> **WHAT NEEDS TO BE DONE**
Show each line of the data below in which "thesis" occurs.

> **RECORDS FOR THE TASK**
lemma sum_count_list_mult:
  fixes \<phi> :: "'a \<Rightarrow> 'k::comm_ring_1"
  assumes "finite G" "set xs \<subseteq> G"
  shows "(\<Sum>v\<in>G. of_nat (count_list xs v) * \<phi> v) = sum_list (map \<phi> xs)"
  using assms(2)
proof (induction xs)
  case Nil
  then show ?case by simp
next
  case (Cons x xs)
  have "(\<Sum>v\<in>G. of_nat (count_list (x # xs) v) * \<phi> v)
      = (\<Sum>v\<in>G. (if v = x then \<phi> v else 0) + of_nat (count_list xs v) * \<phi> v)"
    by (rule sum.cong) (auto simp: distrib_right)
  also have "\<dots> = \<phi> x + sum_list (map \<phi> xs)"
    using Cons assms(1) by (simp add: sum.distrib sum.delta')
  finally show ?case by simp
qed

lemma tensor_eq_multilinear_eval:
  fixes \<phi> :: "'a::ab_group_add list \<Rightarrow> 'k::comm_ring_1"
  assumes "tensor_eq sc S n xs ys" "multilinear_on sc S n \<phi>"
  shows "sum_list (map \<phi> xs) = sum_list (map \<phi> ys)"
proof -
  let ?p = "\<lambda>v. (of_nat (count_list xs v) :: 'k) - of_nat (count_list ys v)"
  have "?p \<in> tensor_rel sc S n" using assms(1) by (simp add: tensor_eq_def)
  from tensor_rel_pairing_zero[OF this assms(2)] obtain F where F: "finite F"
    "\<forall>G. finite G \<longrightarrow> F \<subseteq> G \<longrightarrow> (\<Sum>v\<in>G. ?p v * \<phi> v) = 0" by blast
  let ?G = "F \<union> set xs \<union> set ys"
  have "(\<Sum>v\<in>?G. ?p v * \<phi> v) = 0" by (rule F(2)[rule_format]) (use F(1) in auto)
  then have "0 = (\<Sum>v\<in>?G. ?p v * \<phi> v)" by simp
  also have "\<dots> = (\<Sum>v\<in>?G. of_nat (count_list xs v) * \<phi> v) - (\<Sum>v\<in>?G. of_nat (count_list ys v) * \<phi> v)"
    by (simp add: left_diff_distrib sum_subtractf)
  also have "\<dots> = sum_list (map \<phi> xs) - sum_list (map \<phi> ys)"
  proof -
    have "(\<Sum>v\<in>?G. of_nat (count_list xs v) * \<phi> v) = sum_list (map \<phi> xs)"
      by (rule sum_count_list_mult) (use F(1) in auto)
    moreover have "(\<Sum>v\<in>?G. of_nat (count_list ys v) * \<phi> v) = sum_list (map \<phi> ys)"
      by (rule sum_count_list_mult) (use F(1) in auto)
    ultimately show ?thesis by simp
  qed
  finally show ?thesis by simp
qed

abbreviation lin_functional :: "('k::comm_ring_1 \<Rightarrow> 'a::ab_group_add \<Rightarrow> 'a) \<Rightarrow> 'a set \<Rightarrow> ('a \<Rightarrow> 'k) \<Rightarrow> bool" where
  "lin_functional sc S g \<equiv> lin_on sc S (\<lambda>r s. r * s) g"

lemma lin_onD_add: "lin_on sa S sb F \<Longrightarrow> x \<in> S \<Longrightarrow> y \<in> S \<Longrightarrow> F (x + y) = F x + F y"
  by (simp add: lin_on_def)

lemma lin_onD_scale: "lin_on sa S sb F \<Longrightarrow> x \<in> S \<Longrightarrow> F (sa r x) = sb r (F x)"
  by (simp add: lin_on_def)

lemma lin_on_zero: "lin_on sa S sb F \<Longrightarrow> 0 \<in> S \<Longrightarrow> F 0 = 0"
  using lin_onD_add[of sa S sb F 0 0] by simp

lemma lin_on_compose:
  "lin_on sc S sc F \<Longrightarrow> (\<And>x. x \<in> S \<Longrightarrow> F x \<in> S) \<Longrightarrow> lin_on sc S sb G \<Longrightarrow> lin_on sc S sb (\<lambda>x. G (F x))"
  by (simp add: lin_on_def)

lemma lin_functional_mult_const:
  "lin_functional sc S F \<Longrightarrow> lin_functional sc S (\<lambda>x. F x * (c::'k::comm_ring_1))"
  by (simp add: lin_on_def distrib_right)

lemma lin_functional_const_mult:
  "lin_functional sc S F \<Longrightarrow> lin_functional sc S (\<lambda>x. (c::'k::comm_ring_1) * F x)"
  by (simp add: lin_on_def distrib_left mult.left_commute)

locale carrier_module =
  fixes sc :: "'k::comm_ring_1 \<Rightarrow> 'a::ab_group_add \<Rightarrow> 'a" and S :: "'a set"
  assumes module: "module_on sc S"
begin

lemma zero_in [simp]: "0 \<in> S"
  and add_in [simp]: "x \<in> S \<Longrightarrow> y \<in> S \<Longrightarrow> x + y \<in> S"
  and scale_in [simp]: "x \<in> S \<Longrightarrow> sc r x \<in> S"
  and scale_add_right: "x \<in> S \<Longrightarrow> y \<in> S \<Longrightarrow> sc r (x + y) = sc r x + sc r y"
  and scale_add_left: "x \<in> S \<Longrightarrow> sc (r + s) x = sc r x + sc s x"
  and scale_scale: "x \<in> S \<Longrightarrow> sc r (sc s x) = sc (r * s) x"
  and scale_one [simp]: "x \<in> S \<Longrightarrow> sc 1 x = x"
  using module by (simp_all add: module_on_def)

lemma scale_zero_right [simp]: "sc r 0 = 0"
  using scale_add_right[of 0 0 r] by simp

lemma sum_list_map_in [simp]: "(\<And>x. x \<in> set xs \<Longrightarrow> f x \<in> S) \<Longrightarrow> sum_list (map f xs) \<in> S"
  by (induction xs) auto

lemma lin_on_scale: "lin_on sc S sc (sc r)"
  by (simp add: lin_on_def scale_add_right scale_scale mult.commute)

lemma lin_on_sum_list:
  assumes "lin_on sc S sb F" "\<And>p. p \<in> set L \<Longrightarrow> w p \<in> S"
  shows "F (\<Sum>p\<leftarrow>L. w p) = (\<Sum>p\<leftarrow>L. F (w p))"
  using assms(2)
proof (induction L)
  case Nil then show ?case using lin_on_zero[OF assms(1)] by simp
next
  case (Cons p L)
  then show ?case using lin_onD_add[OF assms(1)] by simp
qed

lemma lin_on_sum_list_scale:
  assumes "lin_on sc S sb F" "\<And>p. p \<in> set L \<Longrightarrow> w p \<in> S"
  shows "F (\<Sum>p\<leftarrow>L. sc (h p) (w p)) = (\<Sum>p\<leftarrow>L. sb (h p) (F (w p)))"
proof -
  have "F (\<Sum>p\<leftarrow>L. sc (h p) (w p)) = (\<Sum>p\<leftarrow>L. F (sc (h p) (w p)))"
    using assms by (intro lin_on_sum_list) auto
  also have "\<dots> = (\<Sum>p\<leftarrow>L. sb (h p) (F (w p)))"
    using assms by (intro sum_list_map_cong) (simp add: lin_onD_scale)
  finally show ?thesis .
qed

end

definition bilinear_on :: "('k::comm_ring_1 \<Rightarrow> 'a::ab_group_add \<Rightarrow> 'a) \<Rightarrow> 'a set \<Rightarrow> ('a \<Rightarrow> 'a \<Rightarrow> 'k) \<Rightarrow> bool" where
  "bilinear_on sc S B \<longleftrightarrow> (\<forall>y\<in>S. lin_functional sc S (\<lambda>x. B x y)) \<and> (\<forall>x\<in>S. lin_functional sc S (B x))"

definition trilinear_on :: "('k::comm_ring_1 \<Rightarrow> 'a::ab_group_add \<Rightarrow> 'a) \<Rightarrow> 'a set \<Rightarrow> ('a \<Rightarrow> 'a \<Rightarrow> 'a \<Rightarrow> 'k) \<Rightarrow> bool" where
  "trilinear_on sc S C \<longleftrightarrow> (\<forall>y\<in>S. \<forall>z\<in>S. lin_functional sc S (\<lambda>x. C x y z)) \<and>
     (\<forall>x\<in>S. \<forall>z\<in>S. lin_functional sc S (\<lambda>y. C x y z)) \<and> (\<forall>x\<in>S. \<forall>y\<in>S. lin_functional sc S (C x y))"

lemma bilinear_on_prod:
  "lin_functional sc S F \<Longrightarrow> lin_functional sc S G \<Longrightarrow> bilinear_on sc S (\<lambda>x y. F x * G y)"
  unfolding bilinear_on_def by (simp add: lin_functional_mult_const lin_functional_const_mult)

lemma trilinear_on_prod:
  "lin_functional sc S A \<Longrightarrow> lin_functional sc S B \<Longrightarrow> lin_functional sc S C \<Longrightarrow>
    trilinear_on sc S (\<lambda>p q r. A p * B q * (C r :: 'k::comm_ring_1))"
  unfolding trilinear_on_def by (simp add: lin_functional_mult_const lin_functional_const_mult)

lemma bilinear_onD:
  assumes "bilinear_on sc S B" "x \<in> S" "y \<in> S" "z \<in> S"
  shows "B (x + y) z = B x z + B y z" "B z (x + y) = B z x + B z y"
    and "B (sc r x) z = r * B x z" "B z (sc r x) = r * B z x"
  using assms unfolding bilinear_on_def lin_on_def by blast+

lemma trilinear_onD:
  assumes "trilinear_on sc S C" "x \<in> S" "y \<in> S" "u \<in> S" "v \<in> S"
  shows "C (x + y) u v = C x u v + C y u v" "C u (x + y) v = C u x v + C u y v"
    "C u v (x + y) = C u v x + C u v y"
    and "C (sc r x) u v = r * C x u v" "C u (sc r x) v = r * C u x v" "C u v (sc r x) = r * C u v x"
  using assms unfolding trilinear_on_def lin_on_def by blast+

lemma length_slot2_cases:
  assumes "length us + Suc (length vs) = 2"
  obtains v where "us = []" "vs = [v]" | u where "us = [u]" "vs = []"
  using assms by (cases us; cases vs) auto

lemma length_slot3_cases:
  assumes "length us + Suc (length vs) = 3"
  obtains v w where "us = []" "vs = [v, w]" | u w where "us = [u]" "vs = [w]" | u v where "us = [u, v]" "vs = []"
proof -
  consider "length us = 0" "length vs = 2" | "length us = 1" "length vs = 1" | "length us = 2" "length vs = 0"
    using assms by linarith
  then show ?thesis
    by cases (use that in \<open>auto simp: length_Suc_conv numeral_2_eq_2\<close>)
qed

lemma multilinear_on_bilinear:
  assumes "bilinear_on sc S B"
  shows "multilinear_on sc S 2 (\<lambda>w. B (w ! 0) (w ! Suc 0))"
  unfolding multilinear_on_def
proof (intro conjI allI impI)
  fix us vs and x y
  assume "length us + Suc (length vs) = 2" "set us \<subseteq> S" "set vs \<subseteq> S" "x \<in> S" "y \<in> S"
  then show "B ((us @ (x + y) # vs) ! 0) ((us @ (x + y) # vs) ! Suc 0) =
       B ((us @ x # vs) ! 0) ((us @ x # vs) ! Suc 0) + B ((us @ y # vs) ! 0) ((us @ y # vs) ! Suc 0)"
    by (cases rule: length_slot2_cases) (simp_all add: bilinear_onD[OF assms])
next
  fix us vs and x r
  assume "length us + Suc (length vs) = 2" "set us \<subseteq> S" "set vs \<subseteq> S" "x \<in> S"
  then show "B ((us @ sc r x # vs) ! 0) ((us @ sc r x # vs) ! Suc 0) = r * B ((us @ x # vs) ! 0) ((us @ x # vs) ! Suc 0)"
    by (cases rule: length_slot2_cases) (simp_all add: bilinear_onD[OF assms])
qed

lemma multilinear_on_trilinear:
  assumes "trilinear_on sc S C"
  shows "multilinear_on sc S 3 (\<lambda>w. C (w ! 0) (w ! Suc 0) (w ! Suc (Suc 0)))"
  unfolding multilinear_on_def
proof (intro conjI allI impI)
  fix us vs and x y
  assume "length us + Suc (length vs) = 3" "set us \<subseteq> S" "set vs \<subseteq> S" "x \<in> S" "y \<in> S"
  then show "C ((us @ (x + y) # vs) ! 0) ((us @ (x + y) # vs) ! Suc 0) ((us @ (x + y) # vs) ! Suc (Suc 0)) =
       C ((us @ x # vs) ! 0) ((us @ x # vs) ! Suc 0) ((us @ x # vs) ! Suc (Suc 0)) +
       C ((us @ y # vs) ! 0) ((us @ y # vs) ! Suc 0) ((us @ y # vs) ! Suc (Suc 0))"
    by (cases rule: length_slot3_cases) (simp_all add: trilinear_onD[OF assms])
next
  fix us vs and x r
  assume "length us + Suc (length vs) = 3" "set us \<subseteq> S" "set vs \<subseteq> S" "x \<in> S"
  then show "C ((us @ sc r x # vs) ! 0) ((us @ sc r x # vs) ! Suc 0) ((us @ sc r x # vs) ! Suc (Suc 0)) =
       r * C ((us @ x # vs) ! 0) ((us @ x # vs) ! Suc 0) ((us @ x # vs) ! Suc (Suc 0))"
    by (cases rule: length_slot3_cases) (simp_all add: trilinear_onD[OF assms])
qed

lemma tensor_eq_bilinear_eval:
  assumes "tensor_eq sc S 2 xs ys" "bilinear_on sc S B"
  shows "(\<Sum>w\<leftarrow>xs. B (w ! 0) (w ! Suc 0)) = (\<Sum>w\<leftarrow>ys. B (w ! 0) (w ! Suc 0))"
  using tensor_eq_multilinear_eval[OF assms(1) multilinear_on_bilinear[OF assms(2)]] .

lemma tensor_eq_trilinear_eval:
  assumes "tensor_eq sc S 3 xs ys" "trilinear_on sc S C"
  shows "(\<Sum>w\<leftarrow>xs. C (w ! 0) (w ! Suc 0) (w ! Suc (Suc 0))) = (\<Sum>w\<leftarrow>ys. C (w ! 0) (w ! Suc 0) (w ! Suc (Suc 0)))"
  using tensor_eq_multilinear_eval[OF assms(1) multilinear_on_trilinear[OF assms(2)]] .

lemma sum_list_tens2: "(\<Sum>w\<leftarrow>tens2 L. B (w ! 0) (w ! Suc 0)) = (\<Sum>(x, y)\<leftarrow>L. B x y)"
  by (induction L) (auto simp: tens2_def)

lemma tens2_append: "tens2 (xs @ ys) = tens2 xs @ tens2 ys"
  by (simp add: tens2_def)

context carrier_module
begin

lemma sum_pairs_in [simp]:
  "(\<And>x y. (x, y) \<in> set L \<Longrightarrow> w x y \<in> S) \<Longrightarrow> (\<Sum>(x, y)\<leftarrow>L. w x y) \<in> S"
  by (rule sum_list_map_in) auto

lemma lin_on_sum_pairs_scale:
  assumes "lin_on sc S sb F" "\<And>x y. (x, y) \<in> set L \<Longrightarrow> w x y \<in> S"
  shows "F (\<Sum>(x, y)\<leftarrow>L. sc (h x y) (w x y)) = (\<Sum>(x, y)\<leftarrow>L. sb (h x y) (F (w x y)))"
  using lin_on_sum_list_scale[OF assms(1), of L "\<lambda>p. w (fst p) (snd p)" "\<lambda>p. h (fst p) (snd p)"] assms(2)
  by (simp add: split_def)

> **OUTPUT BELOW**
    ultimately show ?thesis by simp
  finally show ?thesis by simp
  finally show ?thesis .
  then show ?thesis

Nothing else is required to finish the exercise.